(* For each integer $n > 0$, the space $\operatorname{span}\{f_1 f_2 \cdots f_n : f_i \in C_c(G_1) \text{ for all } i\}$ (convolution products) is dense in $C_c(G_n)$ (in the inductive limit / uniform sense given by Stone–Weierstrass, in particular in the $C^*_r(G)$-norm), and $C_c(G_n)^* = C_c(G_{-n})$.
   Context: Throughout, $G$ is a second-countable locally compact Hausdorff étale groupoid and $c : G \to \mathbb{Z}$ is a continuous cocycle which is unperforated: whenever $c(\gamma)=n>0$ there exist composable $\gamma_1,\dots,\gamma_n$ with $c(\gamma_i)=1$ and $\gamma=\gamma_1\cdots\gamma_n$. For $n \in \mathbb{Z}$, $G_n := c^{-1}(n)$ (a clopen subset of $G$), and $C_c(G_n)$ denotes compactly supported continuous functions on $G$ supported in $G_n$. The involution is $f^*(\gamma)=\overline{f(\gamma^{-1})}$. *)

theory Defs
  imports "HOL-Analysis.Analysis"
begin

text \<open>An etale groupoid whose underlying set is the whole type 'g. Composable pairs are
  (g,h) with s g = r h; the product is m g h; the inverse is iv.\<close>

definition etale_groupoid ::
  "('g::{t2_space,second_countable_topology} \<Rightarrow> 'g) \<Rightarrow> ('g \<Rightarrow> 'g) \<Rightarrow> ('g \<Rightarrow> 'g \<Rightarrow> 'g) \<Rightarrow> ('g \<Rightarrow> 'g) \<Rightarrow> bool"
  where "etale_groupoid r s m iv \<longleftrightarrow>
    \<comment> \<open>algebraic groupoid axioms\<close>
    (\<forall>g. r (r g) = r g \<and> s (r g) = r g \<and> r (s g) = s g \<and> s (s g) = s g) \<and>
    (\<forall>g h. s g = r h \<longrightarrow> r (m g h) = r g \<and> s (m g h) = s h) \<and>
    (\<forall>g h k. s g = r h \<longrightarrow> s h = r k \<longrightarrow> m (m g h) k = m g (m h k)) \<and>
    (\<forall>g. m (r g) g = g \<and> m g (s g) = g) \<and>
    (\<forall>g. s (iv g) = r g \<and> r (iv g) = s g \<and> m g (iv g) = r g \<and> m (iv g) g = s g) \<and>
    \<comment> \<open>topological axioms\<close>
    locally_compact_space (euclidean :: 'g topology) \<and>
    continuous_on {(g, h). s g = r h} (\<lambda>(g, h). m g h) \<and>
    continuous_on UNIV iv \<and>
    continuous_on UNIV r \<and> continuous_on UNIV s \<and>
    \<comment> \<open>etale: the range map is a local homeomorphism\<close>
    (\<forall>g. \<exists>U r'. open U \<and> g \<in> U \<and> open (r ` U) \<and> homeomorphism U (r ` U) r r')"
------------------------------------------------
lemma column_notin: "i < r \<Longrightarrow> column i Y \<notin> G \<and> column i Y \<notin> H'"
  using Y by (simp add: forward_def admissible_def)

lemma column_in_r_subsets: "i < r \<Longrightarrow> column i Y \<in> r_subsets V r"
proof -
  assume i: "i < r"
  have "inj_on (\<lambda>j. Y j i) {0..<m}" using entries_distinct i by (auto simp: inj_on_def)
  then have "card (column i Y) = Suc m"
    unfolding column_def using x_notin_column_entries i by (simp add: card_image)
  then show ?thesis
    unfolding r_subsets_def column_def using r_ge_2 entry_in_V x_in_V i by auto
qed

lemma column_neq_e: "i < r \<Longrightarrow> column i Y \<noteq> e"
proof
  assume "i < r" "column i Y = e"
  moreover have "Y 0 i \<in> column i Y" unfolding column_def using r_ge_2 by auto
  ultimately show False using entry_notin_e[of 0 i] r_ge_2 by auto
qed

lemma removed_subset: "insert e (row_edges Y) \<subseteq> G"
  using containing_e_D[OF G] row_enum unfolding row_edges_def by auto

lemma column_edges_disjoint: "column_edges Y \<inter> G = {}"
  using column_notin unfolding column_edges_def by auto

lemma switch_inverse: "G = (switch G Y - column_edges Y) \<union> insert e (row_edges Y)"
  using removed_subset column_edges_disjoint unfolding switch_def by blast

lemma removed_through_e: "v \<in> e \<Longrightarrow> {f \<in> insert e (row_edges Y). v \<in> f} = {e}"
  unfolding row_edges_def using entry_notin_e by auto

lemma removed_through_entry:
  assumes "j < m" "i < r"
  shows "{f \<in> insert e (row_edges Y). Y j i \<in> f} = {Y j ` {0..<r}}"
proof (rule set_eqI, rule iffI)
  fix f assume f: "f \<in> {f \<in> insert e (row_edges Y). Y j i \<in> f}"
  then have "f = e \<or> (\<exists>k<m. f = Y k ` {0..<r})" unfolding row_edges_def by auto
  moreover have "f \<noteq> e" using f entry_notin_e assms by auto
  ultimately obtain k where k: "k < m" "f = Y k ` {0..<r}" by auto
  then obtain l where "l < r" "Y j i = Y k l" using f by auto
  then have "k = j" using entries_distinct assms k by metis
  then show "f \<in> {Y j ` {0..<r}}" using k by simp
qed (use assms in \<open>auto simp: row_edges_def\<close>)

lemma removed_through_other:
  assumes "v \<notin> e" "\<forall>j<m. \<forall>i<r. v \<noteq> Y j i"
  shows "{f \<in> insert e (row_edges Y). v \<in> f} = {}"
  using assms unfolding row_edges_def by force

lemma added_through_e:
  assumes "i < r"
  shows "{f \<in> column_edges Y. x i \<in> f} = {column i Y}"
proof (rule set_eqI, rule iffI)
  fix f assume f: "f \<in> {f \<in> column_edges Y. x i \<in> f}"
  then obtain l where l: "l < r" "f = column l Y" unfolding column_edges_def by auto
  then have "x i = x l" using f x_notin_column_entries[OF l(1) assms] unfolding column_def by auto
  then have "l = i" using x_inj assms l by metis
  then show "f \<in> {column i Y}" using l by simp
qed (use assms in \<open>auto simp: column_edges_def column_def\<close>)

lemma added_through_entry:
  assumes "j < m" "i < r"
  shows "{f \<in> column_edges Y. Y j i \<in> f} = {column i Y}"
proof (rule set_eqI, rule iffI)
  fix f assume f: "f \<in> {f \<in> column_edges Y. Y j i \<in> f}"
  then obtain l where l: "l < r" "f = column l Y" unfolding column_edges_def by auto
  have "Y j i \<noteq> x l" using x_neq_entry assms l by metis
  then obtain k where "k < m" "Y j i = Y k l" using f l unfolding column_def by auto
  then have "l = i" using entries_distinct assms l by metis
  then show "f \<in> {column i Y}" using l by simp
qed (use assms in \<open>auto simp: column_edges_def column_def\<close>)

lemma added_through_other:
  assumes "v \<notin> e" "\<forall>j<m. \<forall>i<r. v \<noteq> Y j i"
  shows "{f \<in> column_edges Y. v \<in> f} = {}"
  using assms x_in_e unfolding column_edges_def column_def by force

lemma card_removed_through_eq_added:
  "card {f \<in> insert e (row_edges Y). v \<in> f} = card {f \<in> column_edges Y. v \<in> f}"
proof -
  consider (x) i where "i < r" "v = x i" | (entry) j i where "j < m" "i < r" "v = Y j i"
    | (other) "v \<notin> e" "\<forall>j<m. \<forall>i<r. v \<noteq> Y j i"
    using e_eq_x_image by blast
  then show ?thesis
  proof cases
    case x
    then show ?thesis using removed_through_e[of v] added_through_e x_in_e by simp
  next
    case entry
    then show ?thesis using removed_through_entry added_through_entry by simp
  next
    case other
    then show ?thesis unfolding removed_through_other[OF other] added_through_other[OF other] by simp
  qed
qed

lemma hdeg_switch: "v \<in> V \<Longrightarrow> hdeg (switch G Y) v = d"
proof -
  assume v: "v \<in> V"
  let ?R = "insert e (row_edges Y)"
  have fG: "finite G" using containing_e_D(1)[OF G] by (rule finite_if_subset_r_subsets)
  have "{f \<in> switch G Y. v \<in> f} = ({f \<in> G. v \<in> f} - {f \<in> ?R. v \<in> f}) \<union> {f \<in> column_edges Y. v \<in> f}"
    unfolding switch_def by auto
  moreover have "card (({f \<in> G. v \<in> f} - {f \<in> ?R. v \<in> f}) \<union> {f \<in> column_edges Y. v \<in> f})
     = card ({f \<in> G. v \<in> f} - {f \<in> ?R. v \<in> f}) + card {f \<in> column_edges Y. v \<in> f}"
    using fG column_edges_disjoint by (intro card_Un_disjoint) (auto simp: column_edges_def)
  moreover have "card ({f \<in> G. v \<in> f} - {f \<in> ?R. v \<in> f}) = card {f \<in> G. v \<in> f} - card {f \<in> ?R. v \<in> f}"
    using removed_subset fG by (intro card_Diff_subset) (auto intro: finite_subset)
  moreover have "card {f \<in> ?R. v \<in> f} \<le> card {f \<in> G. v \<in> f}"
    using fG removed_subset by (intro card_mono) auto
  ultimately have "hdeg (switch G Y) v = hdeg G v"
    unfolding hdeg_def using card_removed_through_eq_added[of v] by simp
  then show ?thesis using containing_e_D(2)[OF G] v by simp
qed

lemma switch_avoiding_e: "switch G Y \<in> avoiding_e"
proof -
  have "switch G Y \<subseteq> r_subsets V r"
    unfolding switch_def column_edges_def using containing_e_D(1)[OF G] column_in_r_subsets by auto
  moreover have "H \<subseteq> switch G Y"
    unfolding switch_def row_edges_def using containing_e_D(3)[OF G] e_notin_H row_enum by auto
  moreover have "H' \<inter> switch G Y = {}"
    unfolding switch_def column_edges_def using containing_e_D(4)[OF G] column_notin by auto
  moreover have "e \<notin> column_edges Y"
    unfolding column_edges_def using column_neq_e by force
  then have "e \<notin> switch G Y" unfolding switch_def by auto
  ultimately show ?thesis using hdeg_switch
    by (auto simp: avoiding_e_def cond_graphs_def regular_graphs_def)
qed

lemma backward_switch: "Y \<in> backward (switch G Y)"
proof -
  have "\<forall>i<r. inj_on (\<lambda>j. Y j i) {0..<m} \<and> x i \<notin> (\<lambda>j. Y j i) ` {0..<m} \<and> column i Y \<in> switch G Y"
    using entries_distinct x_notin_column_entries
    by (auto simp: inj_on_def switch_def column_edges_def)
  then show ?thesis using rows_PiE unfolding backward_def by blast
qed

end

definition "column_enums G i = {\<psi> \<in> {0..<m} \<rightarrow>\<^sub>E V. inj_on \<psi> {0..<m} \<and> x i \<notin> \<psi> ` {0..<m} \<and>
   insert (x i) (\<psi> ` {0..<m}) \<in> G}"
------------------------------------------------
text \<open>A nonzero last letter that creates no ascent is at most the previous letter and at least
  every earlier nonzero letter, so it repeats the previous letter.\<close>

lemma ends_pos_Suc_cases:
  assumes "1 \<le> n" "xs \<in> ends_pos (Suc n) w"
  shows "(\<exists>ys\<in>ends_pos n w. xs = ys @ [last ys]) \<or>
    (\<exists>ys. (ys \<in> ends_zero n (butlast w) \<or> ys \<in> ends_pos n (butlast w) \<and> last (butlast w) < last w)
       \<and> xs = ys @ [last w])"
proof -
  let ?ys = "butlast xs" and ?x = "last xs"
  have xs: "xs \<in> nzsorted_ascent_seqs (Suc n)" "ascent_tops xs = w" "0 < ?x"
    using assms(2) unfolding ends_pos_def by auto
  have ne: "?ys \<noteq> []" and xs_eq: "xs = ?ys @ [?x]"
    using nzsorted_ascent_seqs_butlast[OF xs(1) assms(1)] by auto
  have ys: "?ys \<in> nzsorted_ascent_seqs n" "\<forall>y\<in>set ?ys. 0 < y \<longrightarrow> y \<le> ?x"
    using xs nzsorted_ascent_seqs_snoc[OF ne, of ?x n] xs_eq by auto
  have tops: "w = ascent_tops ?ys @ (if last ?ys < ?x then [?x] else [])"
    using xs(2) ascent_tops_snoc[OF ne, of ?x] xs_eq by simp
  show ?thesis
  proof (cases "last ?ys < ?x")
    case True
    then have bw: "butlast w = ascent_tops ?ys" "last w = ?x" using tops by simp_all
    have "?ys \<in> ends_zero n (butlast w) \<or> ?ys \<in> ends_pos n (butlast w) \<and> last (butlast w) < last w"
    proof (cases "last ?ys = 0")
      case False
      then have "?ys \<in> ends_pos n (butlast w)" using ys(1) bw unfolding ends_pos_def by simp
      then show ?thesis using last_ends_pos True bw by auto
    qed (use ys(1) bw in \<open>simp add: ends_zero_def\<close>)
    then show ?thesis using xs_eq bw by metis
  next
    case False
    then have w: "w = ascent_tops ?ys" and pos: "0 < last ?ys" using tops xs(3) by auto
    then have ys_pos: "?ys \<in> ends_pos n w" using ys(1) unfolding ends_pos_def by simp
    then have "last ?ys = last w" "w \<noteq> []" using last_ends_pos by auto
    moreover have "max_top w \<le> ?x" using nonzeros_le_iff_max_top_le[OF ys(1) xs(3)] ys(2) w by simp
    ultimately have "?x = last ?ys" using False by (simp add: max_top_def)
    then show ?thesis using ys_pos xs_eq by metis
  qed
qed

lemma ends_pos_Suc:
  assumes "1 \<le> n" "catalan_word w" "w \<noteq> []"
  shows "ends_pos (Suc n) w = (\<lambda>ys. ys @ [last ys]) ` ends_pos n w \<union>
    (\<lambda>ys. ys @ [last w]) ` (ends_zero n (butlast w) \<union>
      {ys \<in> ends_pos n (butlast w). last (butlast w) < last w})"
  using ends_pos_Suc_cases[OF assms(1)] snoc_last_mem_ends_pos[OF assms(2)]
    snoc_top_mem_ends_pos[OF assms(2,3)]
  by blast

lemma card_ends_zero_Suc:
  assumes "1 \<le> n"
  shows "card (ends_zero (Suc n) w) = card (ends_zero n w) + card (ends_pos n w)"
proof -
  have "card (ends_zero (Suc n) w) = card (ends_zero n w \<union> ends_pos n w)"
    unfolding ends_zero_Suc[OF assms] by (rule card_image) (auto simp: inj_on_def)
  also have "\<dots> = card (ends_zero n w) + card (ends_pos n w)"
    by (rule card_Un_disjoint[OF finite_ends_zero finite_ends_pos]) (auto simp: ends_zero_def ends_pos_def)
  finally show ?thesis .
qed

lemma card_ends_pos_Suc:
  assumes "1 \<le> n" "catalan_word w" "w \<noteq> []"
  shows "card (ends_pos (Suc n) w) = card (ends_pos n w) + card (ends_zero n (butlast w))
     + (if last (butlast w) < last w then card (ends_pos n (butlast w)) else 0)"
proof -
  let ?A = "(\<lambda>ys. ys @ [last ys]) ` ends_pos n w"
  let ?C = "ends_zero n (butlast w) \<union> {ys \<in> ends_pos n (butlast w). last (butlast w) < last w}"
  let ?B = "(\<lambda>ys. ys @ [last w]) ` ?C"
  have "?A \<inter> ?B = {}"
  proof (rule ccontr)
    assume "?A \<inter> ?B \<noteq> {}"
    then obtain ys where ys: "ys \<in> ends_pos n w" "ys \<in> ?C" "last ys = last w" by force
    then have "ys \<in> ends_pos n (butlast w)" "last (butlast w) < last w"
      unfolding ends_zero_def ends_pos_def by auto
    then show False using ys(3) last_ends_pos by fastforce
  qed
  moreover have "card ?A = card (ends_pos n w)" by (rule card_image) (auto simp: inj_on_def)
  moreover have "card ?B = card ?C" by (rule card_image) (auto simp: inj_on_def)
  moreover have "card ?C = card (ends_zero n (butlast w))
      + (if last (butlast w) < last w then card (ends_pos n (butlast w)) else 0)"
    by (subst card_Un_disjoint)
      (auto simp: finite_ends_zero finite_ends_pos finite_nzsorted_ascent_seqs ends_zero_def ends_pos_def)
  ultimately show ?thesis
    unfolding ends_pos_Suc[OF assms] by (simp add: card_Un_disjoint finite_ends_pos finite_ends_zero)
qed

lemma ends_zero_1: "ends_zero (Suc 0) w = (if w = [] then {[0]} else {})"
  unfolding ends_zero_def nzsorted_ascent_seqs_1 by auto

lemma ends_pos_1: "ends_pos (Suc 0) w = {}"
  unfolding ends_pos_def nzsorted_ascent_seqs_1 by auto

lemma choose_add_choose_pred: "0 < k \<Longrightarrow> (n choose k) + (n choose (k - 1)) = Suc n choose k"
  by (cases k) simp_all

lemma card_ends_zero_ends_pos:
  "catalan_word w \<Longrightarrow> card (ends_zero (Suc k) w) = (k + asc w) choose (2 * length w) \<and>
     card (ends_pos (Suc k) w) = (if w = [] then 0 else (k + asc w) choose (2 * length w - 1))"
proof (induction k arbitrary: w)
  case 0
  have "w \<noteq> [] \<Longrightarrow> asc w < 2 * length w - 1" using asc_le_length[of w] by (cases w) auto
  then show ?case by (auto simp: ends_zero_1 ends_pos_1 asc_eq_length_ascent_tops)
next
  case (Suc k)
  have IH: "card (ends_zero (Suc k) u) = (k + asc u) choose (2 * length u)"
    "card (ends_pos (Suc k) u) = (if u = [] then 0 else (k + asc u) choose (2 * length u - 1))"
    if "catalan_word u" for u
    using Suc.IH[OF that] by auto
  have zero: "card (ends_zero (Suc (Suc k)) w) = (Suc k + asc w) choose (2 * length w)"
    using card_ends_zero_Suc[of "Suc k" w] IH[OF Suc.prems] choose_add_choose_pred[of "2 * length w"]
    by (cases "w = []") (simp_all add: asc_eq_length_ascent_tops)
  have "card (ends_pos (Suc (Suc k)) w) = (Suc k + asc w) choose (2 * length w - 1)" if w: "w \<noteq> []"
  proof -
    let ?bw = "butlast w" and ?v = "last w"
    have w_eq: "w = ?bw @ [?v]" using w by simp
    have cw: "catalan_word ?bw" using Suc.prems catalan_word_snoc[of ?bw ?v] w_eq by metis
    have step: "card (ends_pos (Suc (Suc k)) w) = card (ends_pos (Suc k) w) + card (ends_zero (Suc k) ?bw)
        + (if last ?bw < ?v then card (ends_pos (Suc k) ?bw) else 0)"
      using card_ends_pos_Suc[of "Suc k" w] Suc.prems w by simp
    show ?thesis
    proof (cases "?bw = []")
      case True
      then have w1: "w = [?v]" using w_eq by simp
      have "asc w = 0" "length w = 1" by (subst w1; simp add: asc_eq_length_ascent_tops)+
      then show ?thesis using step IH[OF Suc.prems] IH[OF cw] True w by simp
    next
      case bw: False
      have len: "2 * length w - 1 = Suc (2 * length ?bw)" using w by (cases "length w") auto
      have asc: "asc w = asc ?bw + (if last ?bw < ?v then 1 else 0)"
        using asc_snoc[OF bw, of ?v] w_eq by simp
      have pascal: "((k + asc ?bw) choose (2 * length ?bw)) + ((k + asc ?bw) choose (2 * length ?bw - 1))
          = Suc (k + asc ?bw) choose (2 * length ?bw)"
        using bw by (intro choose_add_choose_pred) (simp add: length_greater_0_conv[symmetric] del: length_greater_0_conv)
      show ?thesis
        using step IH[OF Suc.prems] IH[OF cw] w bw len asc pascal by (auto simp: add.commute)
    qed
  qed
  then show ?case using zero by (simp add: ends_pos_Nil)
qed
------------------------------------------------
**What the task asks**.
Reproduce word for word the material above, beginning with the line that contains "using k by simp" and ending with the line that contains "using assms unfolding".

**Solution for this problem**.
  then show "f \<in> {Y j ` {0..<r}}" using k by simp
qed (use assms in \<open>auto simp: row_edges_def\<close>)

lemma removed_through_other:
  assumes "v \<notin> e" "\<forall>j<m. \<forall>i<r. v \<noteq> Y j i"
  shows "{f \<in> insert e (row_edges Y). v \<in> f} = {}"
  using assms unfolding row_edges_def by force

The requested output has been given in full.